Segment Start: Provided data

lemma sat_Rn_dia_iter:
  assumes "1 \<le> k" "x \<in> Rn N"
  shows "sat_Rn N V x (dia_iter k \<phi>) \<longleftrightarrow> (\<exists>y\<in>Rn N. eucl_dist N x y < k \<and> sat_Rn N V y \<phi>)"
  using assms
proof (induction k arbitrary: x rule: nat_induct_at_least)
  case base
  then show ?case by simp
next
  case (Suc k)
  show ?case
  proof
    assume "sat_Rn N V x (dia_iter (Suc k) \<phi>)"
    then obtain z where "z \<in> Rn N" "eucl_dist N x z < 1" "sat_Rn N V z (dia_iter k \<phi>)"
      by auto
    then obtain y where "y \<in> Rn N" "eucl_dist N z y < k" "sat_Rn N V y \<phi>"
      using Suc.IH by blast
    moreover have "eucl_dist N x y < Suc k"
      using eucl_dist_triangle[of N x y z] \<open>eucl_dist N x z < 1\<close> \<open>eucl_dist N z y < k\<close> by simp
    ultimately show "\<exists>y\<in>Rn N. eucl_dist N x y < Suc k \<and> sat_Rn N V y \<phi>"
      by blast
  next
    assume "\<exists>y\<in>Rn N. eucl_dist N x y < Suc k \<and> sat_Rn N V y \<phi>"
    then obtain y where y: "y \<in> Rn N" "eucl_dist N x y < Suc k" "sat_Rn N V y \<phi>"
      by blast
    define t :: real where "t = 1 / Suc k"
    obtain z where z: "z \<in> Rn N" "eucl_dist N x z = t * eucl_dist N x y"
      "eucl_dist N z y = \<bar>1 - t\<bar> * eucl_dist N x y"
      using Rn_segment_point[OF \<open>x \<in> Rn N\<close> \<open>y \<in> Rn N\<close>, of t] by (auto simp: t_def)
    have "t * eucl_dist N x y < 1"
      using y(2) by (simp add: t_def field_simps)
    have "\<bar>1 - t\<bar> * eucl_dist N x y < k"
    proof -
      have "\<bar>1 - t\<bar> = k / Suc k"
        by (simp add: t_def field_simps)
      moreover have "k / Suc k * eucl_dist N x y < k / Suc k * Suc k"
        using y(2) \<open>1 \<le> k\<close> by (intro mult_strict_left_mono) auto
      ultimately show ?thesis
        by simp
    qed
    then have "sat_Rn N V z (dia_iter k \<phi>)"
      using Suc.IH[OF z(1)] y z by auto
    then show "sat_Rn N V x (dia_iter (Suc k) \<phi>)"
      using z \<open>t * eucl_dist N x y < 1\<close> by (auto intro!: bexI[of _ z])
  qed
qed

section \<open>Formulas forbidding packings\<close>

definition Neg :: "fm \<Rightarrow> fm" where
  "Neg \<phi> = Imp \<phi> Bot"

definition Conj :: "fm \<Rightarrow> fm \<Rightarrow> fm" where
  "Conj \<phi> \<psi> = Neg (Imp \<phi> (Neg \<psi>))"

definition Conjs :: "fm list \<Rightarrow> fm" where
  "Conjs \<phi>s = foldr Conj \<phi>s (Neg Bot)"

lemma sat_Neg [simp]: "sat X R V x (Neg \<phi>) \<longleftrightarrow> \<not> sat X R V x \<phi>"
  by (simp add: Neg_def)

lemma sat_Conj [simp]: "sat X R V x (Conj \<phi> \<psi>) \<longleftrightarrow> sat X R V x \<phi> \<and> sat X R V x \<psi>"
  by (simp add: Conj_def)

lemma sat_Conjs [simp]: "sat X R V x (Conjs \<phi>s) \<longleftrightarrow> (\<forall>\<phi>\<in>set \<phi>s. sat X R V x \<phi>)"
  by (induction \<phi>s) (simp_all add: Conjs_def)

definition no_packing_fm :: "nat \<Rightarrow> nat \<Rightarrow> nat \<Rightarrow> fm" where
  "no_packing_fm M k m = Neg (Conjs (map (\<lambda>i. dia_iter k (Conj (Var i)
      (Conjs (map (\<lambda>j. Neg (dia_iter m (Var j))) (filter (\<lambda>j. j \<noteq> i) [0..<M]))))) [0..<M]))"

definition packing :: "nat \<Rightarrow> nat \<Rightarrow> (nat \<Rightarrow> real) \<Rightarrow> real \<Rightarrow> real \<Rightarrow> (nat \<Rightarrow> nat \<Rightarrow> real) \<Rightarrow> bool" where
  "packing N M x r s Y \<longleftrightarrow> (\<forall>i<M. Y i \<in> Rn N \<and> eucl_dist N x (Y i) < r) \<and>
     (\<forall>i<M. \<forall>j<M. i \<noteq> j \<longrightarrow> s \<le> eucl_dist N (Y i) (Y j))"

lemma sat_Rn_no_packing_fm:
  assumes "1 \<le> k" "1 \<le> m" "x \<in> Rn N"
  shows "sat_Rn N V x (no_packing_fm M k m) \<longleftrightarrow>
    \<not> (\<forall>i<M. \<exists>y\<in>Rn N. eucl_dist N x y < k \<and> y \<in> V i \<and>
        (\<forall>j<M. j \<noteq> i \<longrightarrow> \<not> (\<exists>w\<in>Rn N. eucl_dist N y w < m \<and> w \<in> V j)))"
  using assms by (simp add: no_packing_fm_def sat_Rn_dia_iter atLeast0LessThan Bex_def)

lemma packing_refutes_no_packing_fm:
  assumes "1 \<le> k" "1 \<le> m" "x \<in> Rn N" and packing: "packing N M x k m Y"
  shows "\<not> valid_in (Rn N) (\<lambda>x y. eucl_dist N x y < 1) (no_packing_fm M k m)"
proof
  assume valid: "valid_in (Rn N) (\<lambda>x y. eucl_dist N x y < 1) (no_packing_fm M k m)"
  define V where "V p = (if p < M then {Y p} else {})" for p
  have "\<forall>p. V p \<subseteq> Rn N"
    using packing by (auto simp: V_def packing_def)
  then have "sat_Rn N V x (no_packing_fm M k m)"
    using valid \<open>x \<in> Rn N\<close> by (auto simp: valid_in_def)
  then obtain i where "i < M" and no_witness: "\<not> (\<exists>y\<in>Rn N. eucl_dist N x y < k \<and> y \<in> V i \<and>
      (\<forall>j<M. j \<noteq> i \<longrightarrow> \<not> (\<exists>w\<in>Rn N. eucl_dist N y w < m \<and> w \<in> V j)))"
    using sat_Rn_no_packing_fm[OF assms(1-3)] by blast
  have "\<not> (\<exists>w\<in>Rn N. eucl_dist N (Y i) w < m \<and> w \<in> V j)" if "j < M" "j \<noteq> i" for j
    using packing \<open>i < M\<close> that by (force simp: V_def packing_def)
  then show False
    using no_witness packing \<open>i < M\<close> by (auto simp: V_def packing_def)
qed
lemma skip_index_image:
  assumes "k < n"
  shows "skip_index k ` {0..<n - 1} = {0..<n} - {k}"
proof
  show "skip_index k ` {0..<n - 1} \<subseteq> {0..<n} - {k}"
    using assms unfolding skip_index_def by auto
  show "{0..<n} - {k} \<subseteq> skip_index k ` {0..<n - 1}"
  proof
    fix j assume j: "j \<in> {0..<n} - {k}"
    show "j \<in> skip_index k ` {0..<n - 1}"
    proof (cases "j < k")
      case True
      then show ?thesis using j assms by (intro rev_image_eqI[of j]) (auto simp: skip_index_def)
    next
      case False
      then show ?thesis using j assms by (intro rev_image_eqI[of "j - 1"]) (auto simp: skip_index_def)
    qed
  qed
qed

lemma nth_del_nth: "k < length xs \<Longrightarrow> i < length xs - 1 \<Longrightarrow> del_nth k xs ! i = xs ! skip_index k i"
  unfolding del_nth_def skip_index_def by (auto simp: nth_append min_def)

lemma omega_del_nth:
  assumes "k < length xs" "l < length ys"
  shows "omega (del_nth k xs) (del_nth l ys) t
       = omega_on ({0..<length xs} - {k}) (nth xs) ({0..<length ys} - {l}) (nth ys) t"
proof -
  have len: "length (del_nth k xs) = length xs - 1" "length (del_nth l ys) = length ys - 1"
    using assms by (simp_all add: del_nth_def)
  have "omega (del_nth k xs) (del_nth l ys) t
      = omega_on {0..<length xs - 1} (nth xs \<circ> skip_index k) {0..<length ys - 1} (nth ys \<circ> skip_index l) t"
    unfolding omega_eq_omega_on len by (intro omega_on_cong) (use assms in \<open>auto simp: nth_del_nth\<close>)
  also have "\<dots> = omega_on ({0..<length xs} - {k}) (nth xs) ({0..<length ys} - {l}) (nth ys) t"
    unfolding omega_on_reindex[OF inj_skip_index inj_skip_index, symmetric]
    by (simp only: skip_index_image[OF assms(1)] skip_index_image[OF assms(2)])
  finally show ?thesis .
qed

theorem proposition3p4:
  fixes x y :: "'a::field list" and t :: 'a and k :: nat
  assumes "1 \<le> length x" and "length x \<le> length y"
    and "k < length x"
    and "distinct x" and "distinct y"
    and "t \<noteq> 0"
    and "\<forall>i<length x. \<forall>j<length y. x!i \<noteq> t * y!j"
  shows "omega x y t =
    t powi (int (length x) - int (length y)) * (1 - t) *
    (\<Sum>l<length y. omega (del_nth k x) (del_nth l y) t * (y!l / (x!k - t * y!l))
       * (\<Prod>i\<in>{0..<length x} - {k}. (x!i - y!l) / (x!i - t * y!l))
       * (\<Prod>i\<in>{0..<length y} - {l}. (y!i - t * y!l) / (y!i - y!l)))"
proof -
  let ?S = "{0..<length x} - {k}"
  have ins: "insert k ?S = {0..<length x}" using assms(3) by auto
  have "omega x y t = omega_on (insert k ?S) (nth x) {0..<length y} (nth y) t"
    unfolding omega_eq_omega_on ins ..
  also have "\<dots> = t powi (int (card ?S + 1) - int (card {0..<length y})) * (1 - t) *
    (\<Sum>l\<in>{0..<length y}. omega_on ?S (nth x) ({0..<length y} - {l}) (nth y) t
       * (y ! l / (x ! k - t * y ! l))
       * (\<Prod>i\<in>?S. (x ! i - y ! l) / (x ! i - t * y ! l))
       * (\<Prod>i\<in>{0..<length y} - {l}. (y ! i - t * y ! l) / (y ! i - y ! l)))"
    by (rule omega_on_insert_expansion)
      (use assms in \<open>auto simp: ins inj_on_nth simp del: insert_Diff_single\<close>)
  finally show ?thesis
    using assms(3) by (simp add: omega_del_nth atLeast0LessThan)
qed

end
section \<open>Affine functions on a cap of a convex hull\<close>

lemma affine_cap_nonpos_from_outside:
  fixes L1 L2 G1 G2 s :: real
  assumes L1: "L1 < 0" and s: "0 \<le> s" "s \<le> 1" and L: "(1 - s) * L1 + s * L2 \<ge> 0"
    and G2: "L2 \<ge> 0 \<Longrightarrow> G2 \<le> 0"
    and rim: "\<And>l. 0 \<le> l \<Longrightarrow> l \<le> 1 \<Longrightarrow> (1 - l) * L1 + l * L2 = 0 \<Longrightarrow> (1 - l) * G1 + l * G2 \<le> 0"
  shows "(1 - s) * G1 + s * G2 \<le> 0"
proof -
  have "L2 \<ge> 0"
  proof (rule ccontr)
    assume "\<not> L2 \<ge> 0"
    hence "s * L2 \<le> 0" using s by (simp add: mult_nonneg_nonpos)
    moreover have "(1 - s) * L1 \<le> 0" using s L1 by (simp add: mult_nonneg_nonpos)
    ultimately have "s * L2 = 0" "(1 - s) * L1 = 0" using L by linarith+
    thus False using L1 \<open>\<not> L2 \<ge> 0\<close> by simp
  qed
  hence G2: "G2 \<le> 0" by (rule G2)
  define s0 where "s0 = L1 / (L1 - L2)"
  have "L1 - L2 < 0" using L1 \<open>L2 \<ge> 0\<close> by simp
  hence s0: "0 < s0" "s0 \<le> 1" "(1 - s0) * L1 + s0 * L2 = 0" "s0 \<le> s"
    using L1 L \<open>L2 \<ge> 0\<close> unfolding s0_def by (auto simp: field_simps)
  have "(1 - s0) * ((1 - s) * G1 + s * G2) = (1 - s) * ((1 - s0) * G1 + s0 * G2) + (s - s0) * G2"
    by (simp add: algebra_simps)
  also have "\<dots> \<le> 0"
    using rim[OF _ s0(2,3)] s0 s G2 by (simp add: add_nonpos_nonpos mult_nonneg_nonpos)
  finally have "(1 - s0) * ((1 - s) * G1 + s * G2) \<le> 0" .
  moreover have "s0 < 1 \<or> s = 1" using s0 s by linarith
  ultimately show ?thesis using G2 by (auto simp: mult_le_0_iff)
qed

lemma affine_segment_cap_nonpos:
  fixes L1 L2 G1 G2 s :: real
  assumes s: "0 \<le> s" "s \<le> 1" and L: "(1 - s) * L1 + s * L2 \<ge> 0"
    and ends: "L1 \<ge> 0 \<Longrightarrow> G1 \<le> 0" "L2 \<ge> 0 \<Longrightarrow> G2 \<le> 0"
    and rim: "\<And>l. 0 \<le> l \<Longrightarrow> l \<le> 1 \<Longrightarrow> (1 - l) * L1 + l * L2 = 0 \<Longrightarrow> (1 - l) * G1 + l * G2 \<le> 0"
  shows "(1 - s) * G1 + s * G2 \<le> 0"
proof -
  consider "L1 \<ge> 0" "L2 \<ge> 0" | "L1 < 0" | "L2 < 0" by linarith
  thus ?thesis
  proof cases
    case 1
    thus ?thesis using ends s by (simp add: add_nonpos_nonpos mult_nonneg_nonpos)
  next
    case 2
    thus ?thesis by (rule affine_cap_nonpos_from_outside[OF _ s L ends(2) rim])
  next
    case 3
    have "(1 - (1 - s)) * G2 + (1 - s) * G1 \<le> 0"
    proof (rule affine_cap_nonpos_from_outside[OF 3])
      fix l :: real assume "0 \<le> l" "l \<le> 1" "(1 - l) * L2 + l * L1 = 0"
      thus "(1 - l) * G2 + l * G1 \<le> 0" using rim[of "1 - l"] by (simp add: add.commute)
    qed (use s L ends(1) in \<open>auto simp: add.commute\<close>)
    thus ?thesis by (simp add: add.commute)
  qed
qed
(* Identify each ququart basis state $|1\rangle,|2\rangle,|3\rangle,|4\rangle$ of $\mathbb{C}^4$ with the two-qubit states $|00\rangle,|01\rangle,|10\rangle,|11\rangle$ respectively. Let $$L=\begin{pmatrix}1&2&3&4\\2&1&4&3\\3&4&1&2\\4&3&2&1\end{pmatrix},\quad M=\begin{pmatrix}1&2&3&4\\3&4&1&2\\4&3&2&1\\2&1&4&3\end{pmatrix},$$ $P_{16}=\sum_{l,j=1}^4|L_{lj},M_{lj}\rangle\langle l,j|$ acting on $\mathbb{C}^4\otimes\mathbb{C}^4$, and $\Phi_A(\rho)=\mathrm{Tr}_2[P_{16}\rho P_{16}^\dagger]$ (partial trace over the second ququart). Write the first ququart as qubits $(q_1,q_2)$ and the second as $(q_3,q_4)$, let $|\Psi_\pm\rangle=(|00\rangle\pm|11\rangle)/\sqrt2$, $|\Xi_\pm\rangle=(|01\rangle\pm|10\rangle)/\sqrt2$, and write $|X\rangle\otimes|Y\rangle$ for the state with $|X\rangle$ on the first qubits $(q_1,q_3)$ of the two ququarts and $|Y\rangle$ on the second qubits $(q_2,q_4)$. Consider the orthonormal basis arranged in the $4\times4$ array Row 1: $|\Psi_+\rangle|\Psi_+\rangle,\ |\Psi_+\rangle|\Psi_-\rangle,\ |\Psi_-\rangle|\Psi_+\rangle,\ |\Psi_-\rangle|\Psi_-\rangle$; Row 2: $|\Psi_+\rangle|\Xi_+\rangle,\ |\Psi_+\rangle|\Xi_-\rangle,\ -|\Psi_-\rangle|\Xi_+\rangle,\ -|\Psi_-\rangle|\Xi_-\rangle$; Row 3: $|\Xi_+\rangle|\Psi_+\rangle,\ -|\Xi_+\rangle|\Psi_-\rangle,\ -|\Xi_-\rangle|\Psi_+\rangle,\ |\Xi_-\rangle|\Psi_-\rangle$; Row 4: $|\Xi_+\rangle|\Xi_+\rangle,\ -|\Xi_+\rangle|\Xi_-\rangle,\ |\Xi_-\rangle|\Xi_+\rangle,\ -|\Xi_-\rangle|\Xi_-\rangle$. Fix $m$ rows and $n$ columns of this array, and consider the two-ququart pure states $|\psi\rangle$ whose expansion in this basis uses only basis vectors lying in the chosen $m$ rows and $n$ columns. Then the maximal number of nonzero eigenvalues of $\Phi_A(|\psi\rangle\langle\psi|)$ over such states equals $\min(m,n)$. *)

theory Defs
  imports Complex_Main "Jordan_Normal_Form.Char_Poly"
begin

Segment End: Provided data

Task prompt: Examine each line of the listing for the word "section" and state only how many lines contain it.

Exercise answer: 2